Stored data entries:
lemma sum_DimKN_recip_pochhammer:
  fixes z :: "'a :: field_char_0"
  assumes z: "z \<notin> \<int>" and "M \<ge> 1" and "nu \<in> sig M" and "a \<le> nu ! (M - 1)" and "nu ! 0 \<le> b"
  shows "(\<Sum>k\<in>{a..b}. of_nat (DimKN 1 M [k] nu) * recip_pochhammer (r + M - 1) (z - of_int (k - 1))) =
    (\<Prod>m<M. (-1) ^ m) * det (gt_matrix z r nu)"
  using assms(2-)
proof (induction M arbitrary: nu r rule: nat_induct_at_least)
  case base
  then obtain c where nu: "nu = [c]"
    by (auto simp: sig_def length_Suc_conv)
  then have c: "c \<in> {a..b}"
    using base by simp
  have "of_nat (DimKN 1 1 [k] nu) * recip_pochhammer (r + 1 - 1) (z - of_int (k - 1)) =
      (if k = c then recip_pochhammer r (z - of_int (c - 1)) else (0 :: 'a))" for k
    using DimKN_1[of k nu] by (simp add: nu)
  then have "(\<Sum>k\<in>{a..b}. of_nat (DimKN 1 1 [k] nu) * recip_pochhammer (r + 1 - 1) (z - of_int (k - 1))) =
      recip_pochhammer r (z - of_int (c - 1))"
    using c by (simp add: sum.delta')
  moreover have "det (gt_matrix z r nu) = recip_pochhammer r (z - of_int (c - 1))"
    by (subst det_single) (simp_all add: gt_matrix_def gt_entry_def nu)
  ultimately show ?case
    by simp
next
  case (Suc n)
  have IH: "(\<Sum>k\<in>{a..b}. of_nat (DimKN 1 n [k] lam) * recip_pochhammer (Suc r + n - 1) (z - of_int (k - 1))) =
      (\<Prod>m<n. (-1) ^ m) * det (gt_matrix z (Suc r) lam)" if "interlaced lam nu" for lam
  proof (rule Suc.IH)
    have "length nu = Suc n"
      using Suc.prems(1) by (simp add: sig_def)
    from interlaced_bounds[OF that this Suc.hyps] Suc.prems show "a \<le> lam ! (n - 1)" "lam ! 0 \<le> b"
      by simp_all
  qed (rule sig_if_interlaced[OF Suc.prems(1) that])
  have "(\<Sum>k\<in>{a..b}. of_nat (DimKN 1 (Suc n) [k] nu) * recip_pochhammer (r + Suc n - 1) (z - of_int (k - 1))) =
      (\<Sum>k\<in>{a..b}. \<Sum>lam | interlaced lam nu.
         of_nat (DimKN 1 n [k] lam) * recip_pochhammer (Suc r + n - 1) (z - of_int (k - 1)))"
    using DimKN_branching[OF Suc.hyps Suc.prems(1)] Suc.hyps by (simp add: sum_distrib_right)
  also have "\<dots> = (\<Sum>lam | interlaced lam nu. \<Sum>k\<in>{a..b}.
         of_nat (DimKN 1 n [k] lam) * recip_pochhammer (Suc r + n - 1) (z - of_int (k - 1)))"
    by (rule sum.swap)
  also have "\<dots> = (\<Sum>lam | interlaced lam nu. (\<Prod>m<n. (-1) ^ m) * det (gt_matrix z (Suc r) lam))"
    by (intro sum.cong refl IH) simp
  also have "\<dots> = (\<Prod>m<n. (-1) ^ m) * (-1) ^ n * det (gt_matrix z r nu)"
    by (simp add: sum_distrib_left[symmetric] sum_interlaced_det_gt_matrix[OF z Suc.hyps Suc.prems(1)])
  finally show ?case
    by simp
qed

definition binomial_poly :: "nat \<Rightarrow> 'a :: field_char_0 poly" where
  "binomial_poly i = Polynomial.smult (inverse (fact i)) (pochhammer [:1, 1:] i)"

lemma poly_pochhammer: "poly (pochhammer p n) x = pochhammer (poly p x) n"
  by (induction n) (simp_all add: pochhammer_Suc)

lemma poly_binomial_poly: "poly (binomial_poly i) x = (x + of_nat i) gchoose i"
  by (simp add: binomial_poly_def poly_pochhammer gbinomial_pochhammer' divide_inverse mult.commute add.commute)

lemma degree_binomial_poly: "degree (binomial_poly i) \<le> i"
proof -
  have "degree (pochhammer [:1, 1:] n :: 'a poly) \<le> n" for n
  proof (induction n)
    case (Suc n)
    have "degree (pochhammer [:1, 1:] n * ([:1, 1:] + of_nat n) :: 'a poly) \<le> n + 1"
      using Suc by (intro order.trans[OF degree_mult_le]) (simp add: of_nat_poly)
    then show ?case
      by (simp add: pochhammer_Suc)
  qed simp
  then show ?thesis
    unfolding binomial_poly_def by (meson degree_smult_le order.trans)
qed
definition Ic :: "'a measure \<Rightarrow> (nat \<Rightarrow> 'a \<Rightarrow> real^'n) \<Rightarrow> (nat \<Rightarrow> 'a \<Rightarrow> nat) \<Rightarrow>
    (nat \<Rightarrow> 'a \<Rightarrow> bool) \<Rightarrow> (nat \<Rightarrow> 'a \<Rightarrow> real^'m) \<Rightarrow> nat \<Rightarrow> 'a measure" where
  "Ic M x tau dl u k = sigma (space M) (gens_c M x tau dl u k)"

definition Ic_dl :: "'a measure \<Rightarrow> (nat \<Rightarrow> 'a \<Rightarrow> real^'n) \<Rightarrow> (nat \<Rightarrow> 'a \<Rightarrow> nat) \<Rightarrow>
    (nat \<Rightarrow> 'a \<Rightarrow> bool) \<Rightarrow> (nat \<Rightarrow> 'a \<Rightarrow> real^'m) \<Rightarrow> nat \<Rightarrow> 'a measure" where
  "Ic_dl M x tau dl u k = sigma (space M) (gens_c M x tau dl u k \<union> preimgs M (dl k) (count_space UNIV))"

definition cond_exp_vec :: "'a measure \<Rightarrow> 'a measure \<Rightarrow> ('a \<Rightarrow> real^'n) \<Rightarrow> 'a \<Rightarrow> real^'n" where
  "cond_exp_vec M F X = (\<lambda>\<omega>. \<chi> i. real_cond_exp M F (\<lambda>\<eta>. X \<eta> $ i) \<omega>)"

(* index set for the mutually independent primitive random variables *)
datatype prim = PX0 | PW nat | PTau nat | PXi nat

end

theory Submission
  imports Defs
begin

(* The conditional mean is the orthogonal projection of x_k onto the square-integrable
   I^c_k-measurable functions, which gives the MMSE property, and I^c_0 is trivial.
   For the recursion, unroll the dynamics over the last zeta_k + 1 steps:
     x_(k+1) = A^(zeta_k+1) x_(k-zeta_k) + sum_(t<=zeta_k) A^t B u_(k-t) + sum_(t<=zeta_k) A^t w_(k-t).
   The key fact is causality: on the event {k - zeta_k <= j}, everything in I^c_(k+1) and I^e_k
   is determined by x_0, w_0, ..., w_(j-1), the delays and the trigger randomisations xi.
   Hence every noise w_(k-t) with t <= zeta_k is orthogonal to I^c_(k+1): when delta_k = 1 the
   noise sum has conditional mean zero and the other two terms are known to the controller.
   When delta_k = 0 nothing new reaches the controller, so on {delta_k = 0} every set of
   I^c_(k+1) agrees with a set of sigma(I^c_k, delta_k); as w_k is independent of the latter,
   the conditional mean of x_(k+1) there is A E[x_k | I^c_k, delta_k] + B u_k.
   Gaussianity enters only through the first two moments. *)

lemma borel_measurable_vec_nth [measurable (raw)]:
  "f \<in> borel_measurable F \<Longrightarrow> (\<lambda>\<omega>. (f \<omega> :: real^'n) $ i) \<in> borel_measurable F"
  by (rule measurable_compose[OF _ borel_measurable_nth])

lemma borel_measurable_matrix_vector_mult [measurable (raw)]:
  "f \<in> borel_measurable F \<Longrightarrow> (\<lambda>\<omega>. (C::real^'n^'m) *v f \<omega>) \<in> borel_measurable F"
  by (rule borel_measurable_continuous_on[where f="\<lambda>v. C *v v"])
     (auto intro: linear_continuous_on matrix_vector_mul_bounded_linear)

lemma borel_measurable_vec_lambda:
  assumes "\<And>i. f i \<in> borel_measurable F"
  shows "(\<lambda>\<omega>. (\<chi> i. f i \<omega>) :: real^'n) \<in> borel_measurable F"
proof -
  have "(\<lambda>\<omega>. (\<chi> i. f i \<omega>) \<bullet> b) \<in> borel_measurable F" if "b \<in> Basis" for b :: "real^'n"
  proof -
    from that obtain j where b: "b = axis j 1" by (auto simp: Basis_vec_def)
    have "(\<lambda>\<omega>. (\<chi> i. f i \<omega>) \<bullet> b) = f j"
      by (rule ext) (simp add: b cart_eq_inner_axis[symmetric])
    then show ?thesis using assms by simp
  qed
  then show ?thesis by (subst borel_measurable_euclidean_space) auto
qed

lemma power2_norm_vec: "(norm (v::real^'n))\<^sup>2 = (\<Sum>l\<in>UNIV. (v $ l)\<^sup>2)"
  unfolding power2_norm_eq_inner inner_vec_def by (simp add: power2_eq_square)

lemma matrix_vector_mult_nth: "((C::real^'k^'l) *v v) $ i = (\<Sum>l\<in>UNIV. C $ i $ l * v $ l)"
  by (simp add: matrix_vector_mult_def)

section \<open>Generated \<sigma>-algebras and traces on events\<close>

lemma preimgs_subset_Pow: "preimgs M f N \<subseteq> Pow (space M)"
  by (auto simp: preimgs_def)

lemma measurable_preimgsI:
  assumes "space F = space M" "preimgs M f N \<subseteq> sets F" "f \<in> space M \<rightarrow> space N"
  shows "f \<in> measurable F N"
  using assms unfolding measurable_def preimgs_def by auto

lemma preimgs_subset_sets:
  assumes "f \<in> measurable F N" "space F = space M"
  shows "preimgs M f N \<subseteq> sets F"
  using assms unfolding preimgs_def by (auto dest: measurable_sets)

lemma measurable_sigma_preimgsI:
  assumes "preimgs M f N \<subseteq> G" "G \<subseteq> Pow (space M)" "space N = UNIV"
  shows "f \<in> measurable (sigma (space M) G) N"
  by (rule measurable_preimgsI) (use assms in auto)

lemma Int_stable_preimgs: "Int_stable (preimgs M f N)"
  unfolding Int_stable_def preimgs_def
proof safe
  fix A B assume "A \<in> sets N" "B \<in> sets N"
  then show "\<exists>C. f -` A \<inter> space M \<inter> (f -` B \<inter> space M) = f -` C \<inter> space M \<and> C \<in> sets N"
    by (intro exI[where x="A \<inter> B"]) auto
qed

lemma sigma_sets_trivial: "S \<in> sigma_sets \<Omega> G \<Longrightarrow> G \<subseteq> {{}, \<Omega>} \<Longrightarrow> S = {} \<or> S = \<Omega>"
proof (induction rule: sigma_sets.induct)
  case (Union a)
  then show ?case by (cases "\<exists>i. a i = \<Omega>") auto
qed auto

• Problem details:
All lines from the one containing "by (intro exI[where" through the final line of the records above are to be set down exactly, and no other line is to appear.

• Solution to this exercise:
    by (intro exI[where x="A \<inter> B"]) auto
qed

lemma sigma_sets_trivial: "S \<in> sigma_sets \<Omega> G \<Longrightarrow> G \<subseteq> {{}, \<Omega>} \<Longrightarrow> S = {} \<or> S = \<Omega>"
proof (induction rule: sigma_sets.induct)
  case (Union a)
  then show ?case by (cases "\<exists>i. a i = \<Omega>") auto
qed auto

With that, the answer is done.